The first step for the quantitative comparison of the boundary structure with EPT is the integration of c(s) to determine the overall signal-average s_w, the signal average s-value of the reaction boundary, and the amplitudes of the undisturbed and reaction boundaries. For data sets with relatively small molecules, the hydrodynamic separation may not produce baseline-separated peaks. This is exacerbated at low signal-to-noise ratios by the effect of the standard maximum entropy or Tikhonov regularization reporting the broadest possible peaks that fit the data within a certain confidence level. This effect could be observed here, for example, as shown in the blue trace. However, having knowledge of independently determined s-values of the free species, and the theoretical background that the undisturbed boundary should migrate with the s-value of the free species, we can deviate from the default maximum entropy regularization and utilize our knowledge in the form of a Bayesian prior [52]. The resulting distribution is termed c^(P)(s), to emphasize the dependence on the particular prior.
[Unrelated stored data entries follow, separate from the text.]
lemma cd_join_one: "cd_join m cd_one cd_zero = cd_one"
  and cd_join_scale_one: "cd_join m (cd_scale t cd_one) cd_zero = cd_scale t cd_one"
  by (auto simp: cd_join_def cd_add_def cd_scale_def cd_one_def cd_zero_def fun_eq_iff)

lemma cd_add_zero_right [simp]: "cd_add x cd_zero = x"
  and cd_add_zero_left [simp]: "cd_add cd_zero x = x"
  and cd_scale_zero_left [simp]: "cd_scale 0 x = cd_zero"
  and cd_scale_zero_right [simp]: "cd_scale t cd_zero = cd_zero"
  and cd_scale_one [simp]: "cd_scale 1 x = x"
  and cd_scale_scale [simp]: "cd_scale s (cd_scale t x) = cd_scale (s * t) x"
  and cd_scale_right_distrib: "cd_scale t (cd_add x y) = cd_add (cd_scale t x) (cd_scale t y)"
  and cd_scale_left_distrib: "cd_scale (s + t) x = cd_add (cd_scale s x) (cd_scale t x)"
  and cd_add_commute: "cd_add x y = cd_add y x"
  and cd_add_minus_self [simp]: "cd_add x (cd_scale (-1) x) = cd_zero"
  by (auto simp: cd_add_def cd_scale_def cd_zero_def fun_eq_iff algebra_simps)

lemma cd_lo_add [simp]: "cd_lo m (cd_add x y) = cd_add (cd_lo m x) (cd_lo m y)"
  and cd_hi_add [simp]: "cd_hi m (cd_add x y) = cd_add (cd_hi m x) (cd_hi m y)"
  and cd_lo_scale [simp]: "cd_lo m (cd_scale t x) = cd_scale t (cd_lo m x)"
  and cd_hi_scale [simp]: "cd_hi m (cd_scale t x) = cd_scale t (cd_hi m x)"
  by (auto simp: cd_lo_def cd_hi_def cd_add_def cd_scale_def fun_eq_iff)

lemma cd_cnj_add [simp]: "cd_cnj m (cd_add x y) = cd_add (cd_cnj m x) (cd_cnj m y)"
  and cd_cnj_scale [simp]: "cd_cnj m (cd_scale t x) = cd_scale t (cd_cnj m x)"
  and cd_cnj_one [simp]: "cd_cnj m cd_one = cd_one"
  and cd_cnj_zero [simp]: "cd_cnj m cd_zero = cd_zero"
  by (auto simp: cd_cnj_eq cd_add_def cd_scale_def cd_one_def cd_zero_def fun_eq_iff)

lemma cd_cnj_cnj [simp]: "x \<in> cd_carrier m \<Longrightarrow> cd_cnj m (cd_cnj m x) = x"
  by (auto simp: cd_cnj_eq cd_carrier_def fun_eq_iff)

lemma cd_mul_add:
  "cd_mul m (cd_add x y) z = cd_add (cd_mul m x z) (cd_mul m y z) \<and>
   cd_mul m z (cd_add x y) = cd_add (cd_mul m z x) (cd_mul m z y)"
proof (induction m arbitrary: x y z)
  case (Suc m)
  show ?case
    by (simp add: cd_mul.simps Suc) (auto simp: cd_join_def cd_add_def cd_scale_def fun_eq_iff)
qed (auto simp: cd_add_def fun_eq_iff algebra_simps)

lemmas cd_mul_add_left = cd_mul_add [THEN conjunct1]
  and cd_mul_add_right = cd_mul_add [THEN conjunct2]

lemma cd_mul_scale:
  "cd_mul m (cd_scale t x) z = cd_scale t (cd_mul m x z) \<and>
   cd_mul m z (cd_scale t x) = cd_scale t (cd_mul m z x)"
proof (induction m arbitrary: x z)
  case (Suc m)
  show ?case
    by (simp add: cd_mul.simps Suc)
       (auto simp: cd_join_def cd_add_def cd_scale_def fun_eq_iff algebra_simps)
qed (auto simp: cd_scale_def fun_eq_iff)

lemmas cd_mul_scale_left = cd_mul_scale [THEN conjunct1]
  and cd_mul_scale_right = cd_mul_scale [THEN conjunct2]

lemma cd_mul_zero_right [simp]: "cd_mul m x cd_zero = cd_zero"
  and cd_mul_zero_left [simp]: "cd_mul m cd_zero x = cd_zero"
  using cd_mul_scale_right [where t = 0 and x = cd_zero and z = x]
    cd_mul_scale_left [where t = 0 and x = cd_zero and z = x] by simp_all

lemma cd_mul_one: "x \<in> cd_carrier m \<Longrightarrow> cd_mul m cd_one x = x \<and> cd_mul m x cd_one = x"
proof (induction m arbitrary: x)
  case 0
  then show ?case by (auto simp: cd_carrier_def cd_one_def fun_eq_iff)
next
  case (Suc m)
  then obtain a b where "a \<in> cd_carrier m" "b \<in> cd_carrier m" "x = cd_join m a b"
    by (elim cd_carrier_SucE)
  then show ?case
    using Suc.IH by (subst (1 2) cd_join_one [symmetric, of m]) simp
qed

lemmas cd_mul_one_left [simp] = cd_mul_one [THEN conjunct1]
  and cd_mul_one_right [simp] = cd_mul_one [THEN conjunct2]

lemma cd_cnj_mul:
  "x \<in> cd_carrier m \<Longrightarrow> y \<in> cd_carrier m \<Longrightarrow>
   cd_cnj m (cd_mul m x y) = cd_mul m (cd_cnj m y) (cd_cnj m x)"
proof (induction m arbitrary: x y)
  case 0
  then show ?case by (auto simp: fun_eq_iff)
next
  case (Suc m)
  obtain a b where "a \<in> cd_carrier m" "b \<in> cd_carrier m" "x = cd_join m a b"
    using Suc.prems(1) by (elim cd_carrier_SucE)
  moreover obtain c d where "c \<in> cd_carrier m" "d \<in> cd_carrier m" "y = cd_join m c d"
    using Suc.prems(2) by (elim cd_carrier_SucE)
  ultimately show ?case
    using Suc.IH [of a c] Suc.IH [of "cd_cnj m d" b]
    by (simp add: cd_mul_scale_left cd_mul_scale_right cd_scale_right_distrib cd_add_commute)
qed

section \<open>The inner product and adjointness\<close>

definition cd_inner :: "nat \<Rightarrow> (nat \<Rightarrow> real) \<Rightarrow> (nat \<Rightarrow> real) \<Rightarrow> real" where
  "cd_inner m x y = (\<Sum>i<2^m. x i * y i)"

lemma cd_inner_join:
  "cd_inner (Suc m) (cd_join m a b) (cd_join m c d) = cd_inner m a c + cd_inner m b d"
proof -
  let ?f = "\<lambda>i. cd_join m a b i * cd_join m c d i"
  have "cd_inner (Suc m) (cd_join m a b) (cd_join m c d) =
      sum ?f {0..<2^m} + sum ?f {2^m..<2^m + 2^m}"
    by (simp add: cd_inner_def lessThan_atLeast0 mult_2 sum.atLeastLessThan_concat)
  also have "sum ?f {2^m..<2^m + 2^m} = sum (\<lambda>i. ?f (i + 2^m)) {0..<2^m}"
    using sum.shift_bounds_nat_ivl [of ?f 0 "2^m" "2^m"] by simp
  finally show ?thesis
    by (simp add: cd_inner_def lessThan_atLeast0 cd_join_def)
qed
By design of the Bayesian distribution analysis in SEDFIT, the c^(P)(s) fit the raw data strictly equally well as c(s), but accommodate our prior knowledge as much as possible for the given noise of the data [52]. In the present case, the prior knowledge was implemented in the form of a Gaussian centered at the pre-determined s-value of the species providing the undisturbed boundary, but this could equally well be accomplished by using as a probability distribution the pre-determined c(s) trace of the individual component.⁴ This resulted in the c^(P)(s) traces shown in the Bottom Panel, and the baseline-separated peaks that could be unambiguously integrated.⁵

In the same way, we performed and analyzed experiments from a series with approximately constant molar ratio of 1.9:1, and a single experiment with low concentration of SBTI (0.1 μM) and a very large excess of CT (10 μM). Tools for global fitting and plotting of isotherms were implemented in SEDPHAT, and all data were included in a global isotherm analysis shown in Figure 9. The top panel shows the boundary amplitudes, with the reaction boundary and its best-fit isotherms with solid symbols and solid lines, respectively, and the undisturbed boundary signals as open symbols and dotted lines, respectively. The phase transition with the vanishing undisturbed boundary appears as a singularity in this log-log plot, as visible in the dotted blue line and open blue symbols from the titration series that crosses the phase transition line. The middle panel displays the s_fast-values, i.e. the c(s) signals integrated across the reaction boundary (solid circles) and the best-fit isotherms (solid lines). The lower panel, finally, displays the conventional weighted- (signal-) average s-values from the integration of all c(s) boundaries (open circles). Obviously, the reaction boundary s_fast-values are higher throughout. Interestingly, a very steep isotherm is obtained for the titration series where s_w exhibits a broader transition through a maximum. Also, a noteworthy comparison is the single data point from the experiment with large molar excess (green symbols), which is extremely useful to saturate complex formation as much as possible and to obtain a c(s) peak at an s-value close to that of the highest complex. In the s_w isotherm, this point is not very informative, since s_w is overwhelmed with the low s-value of the free species. While previously this information could only have been qualitatively interpreted, EPT now allows the rigorous inclusion of this information into the quantitative analysis.

Figure 9.

Global EPT isotherm analysis of the SBTI – CT interaction, incorporating the titration series data shown in Figure 8 (blue), a series of concentration pairs at a CT/SBTI ratio ~ 1.9:1 (black), and a single experiment with 100-fold excess of CT (green). Top Panel: Amplitudes of the reaction boundary (solid triangles) and undisturbed boundaries (open triangles) with best-fit isotherms (solid and dotted lines for reaction and undisturbed boundaries, respectively) as predicted by Eq. 10. Middle Panel: s-values of the reaction boundaries (solid circles), fitted with s_A···B of Eq. 7 (solid lines). Bottom Panel: Overall signal-average s-values, fitted with s_w from Eq. 3. In the Middle Panel and Bottom Panel, the best-fit isotherms from an impostor 1:1 model are shown as red dotted lines.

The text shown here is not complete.